[Stored items]
──────────────────────────────
lemma (in finite_measure) set_average_bounds:
  assumes A: "A \<in> sets M" "measure M A > 0" and X: "integrable M X"
    and bounds: "\<And>x. x \<in> A \<Longrightarrow> lo \<le> X x \<and> X x \<le> hi"
  shows "lo \<le> (\<integral>x\<in>A. X x \<partial>M) / measure M A \<and> (\<integral>x\<in>A. X x \<partial>M) / measure M A \<le> hi"
proof -
  have X_A: "set_integrable M A X"
    unfolding set_integrable_def using X by (rule integrable_mult_indicator[OF A(1)])
  have const_A: "set_integrable M A (\<lambda>_. r)" and integral_const_A: "(\<integral>x\<in>A. r \<partial>M) = measure M A * r"
    for r :: real
    using A(1) by (auto simp: set_integrable_def set_integral_const integrable_indicator_iff less_top[symmetric])
  have "measure M A * lo \<le> (\<integral>x\<in>A. X x \<partial>M)" "(\<integral>x\<in>A. X x \<partial>M) \<le> measure M A * hi"
    using set_integral_mono[OF const_A X_A, of lo] set_integral_mono[OF X_A const_A, of hi] bounds
    by (auto simp: integral_const_A)
  then show ?thesis using A(2) by (simp add: pos_le_divide_eq pos_divide_le_eq mult.commute)
qed

lemma (in finite_measure) jensens_inequality_set_average:
  fixes q :: "real \<Rightarrow> real"
  assumes A: "A \<in> sets M" "measure M A > 0"
    and V: "integrable M V" "\<And>x. x \<in> A \<Longrightarrow> V x \<in> I"
    and I: "I = {a <..< b} \<or> I = {a <..} \<or> I = {..< b} \<or> I = UNIV"
    and q: "integrable M (\<lambda>x. q (V x))" "convex_on I q"
  shows "q ((\<integral>x\<in>A. V x \<partial>M) / measure M A) * measure M A \<le> (\<integral>x\<in>A. q (V x) \<partial>M)"
proof -
  define m where "m = measure M A"
  define g where "g x = indicator A x / m" for x
  define U where "U = density M (\<lambda>x. ennreal (g x))"
  have g_meas [measurable]: "g \<in> borel_measurable M" unfolding g_def using A(1) by measurable
  have g_nonneg: "AE x in M. 0 \<le> g x" using A(2) by (simp add: g_def m_def)
  have U_integral: "integral\<^sup>L U f = (\<integral>x\<in>A. f x \<partial>M) / m" if "f \<in> borel_measurable M" for f :: "'a \<Rightarrow> real"
    using integral_density[OF that g_meas g_nonneg]
    by (simp add: U_def g_def set_lebesgue_integral_def)
  have U_integrable: "integrable U f" if "integrable M f" for f :: "'a \<Rightarrow> real"
    unfolding U_def using that
    by (subst integrable_density[OF borel_measurable_integrable[OF that] g_meas g_nonneg])
       (use integrable_real_mult_indicator[OF A(1) that] in \<open>simp add: g_def mult.commute\<close>)
  have "prob_space U"
  proof
    have "emeasure U (space U) = (\<integral>\<^sup>+x. ennreal (1 / m) * indicator A x \<partial>M)"
      unfolding U_def using A(1)
      by (auto simp: emeasure_density g_def indicator_def intro!: nn_integral_cong)
    also have "\<dots> = 1"
      using A by (simp add: nn_integral_cmult_indicator emeasure_eq_measure m_def ennreal_mult'[symmetric])
    finally show "emeasure U (space U) = 1" .
  qed
  moreover have "AE x in U. V x \<in> I"
    unfolding U_def using V(2) by (subst AE_density) (measurable, auto simp: g_def indicator_def)
  ultimately have "q (integral\<^sup>L U V) \<le> integral\<^sup>L U (\<lambda>x. q (V x))"
    using prob_space.jensens_inequality[OF _ U_integrable[OF V(1)] _ I U_integrable[OF q(1)] q(2)]
    by blast
  then show ?thesis
    using A(2) V(1) q(1) by (simp add: U_integral m_def pos_le_divide_eq)
qed

lemma orlicz_function_mono:
  assumes "orlicz_function \<Phi>" "0 \<le> s" "s \<le> t"
  shows "\<Phi> s \<le> \<Phi> t"
  using assms unfolding orlicz_function_def by (auto intro: mono_onD)

lemma orlicz_function_nonneg:
  assumes "orlicz_function \<Phi>" "0 \<le> t"
  shows "0 \<le> \<Phi> t"
  using orlicz_function_mono[OF assms(1) order_refl assms(2)] assms(1)
  by (simp add: orlicz_function_def)

lemma orlicz_function_scale_le:
  assumes "orlicz_function \<Phi>" "0 \<le> t" "0 \<le> s" "s \<le> 1"
  shows "\<Phi> (s * t) \<le> s * \<Phi> t"
proof -
  have "\<Phi> ((1 - s) *\<^sub>R 0 + s *\<^sub>R t) \<le> (1 - s) * \<Phi> 0 + s * \<Phi> t"
    using assms by (intro convex_onD[where A = "{0..}"]) (auto simp: orlicz_function_def)
  then show ?thesis using assms(1) by (simp add: orlicz_function_def)
qed

lemma orlicz_function_midpoint_le:
  assumes "orlicz_function \<Phi>" "0 \<le> s" "0 \<le> t"
  shows "\<Phi> ((s + t) / 2) \<le> (\<Phi> s + \<Phi> t) / 2"
proof -
  have midpoint: "(s + t) / 2 = (1 - 1/2) *\<^sub>R s + (1/2) *\<^sub>R t"
    by simp
  have "\<Phi> ((s + t) / 2) \<le> (1 - 1/2) * \<Phi> s + (1/2) * \<Phi> t"
    unfolding midpoint using assms
    by (intro convex_onD[where A = "{0..}"]) (auto simp: orlicz_function_def)
  then show ?thesis by argo
qed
──────────────────────────────
• Task details: When a line in the data contains the string "then", copy that line.

• Reply:
  then show ?thesis using A(2) by (simp add: pos_le_divide_eq pos_divide_le_eq mult.commute)
  then show ?thesis
  then show ?thesis using assms(1) by (simp add: orlicz_function_def)
  then show ?thesis by argo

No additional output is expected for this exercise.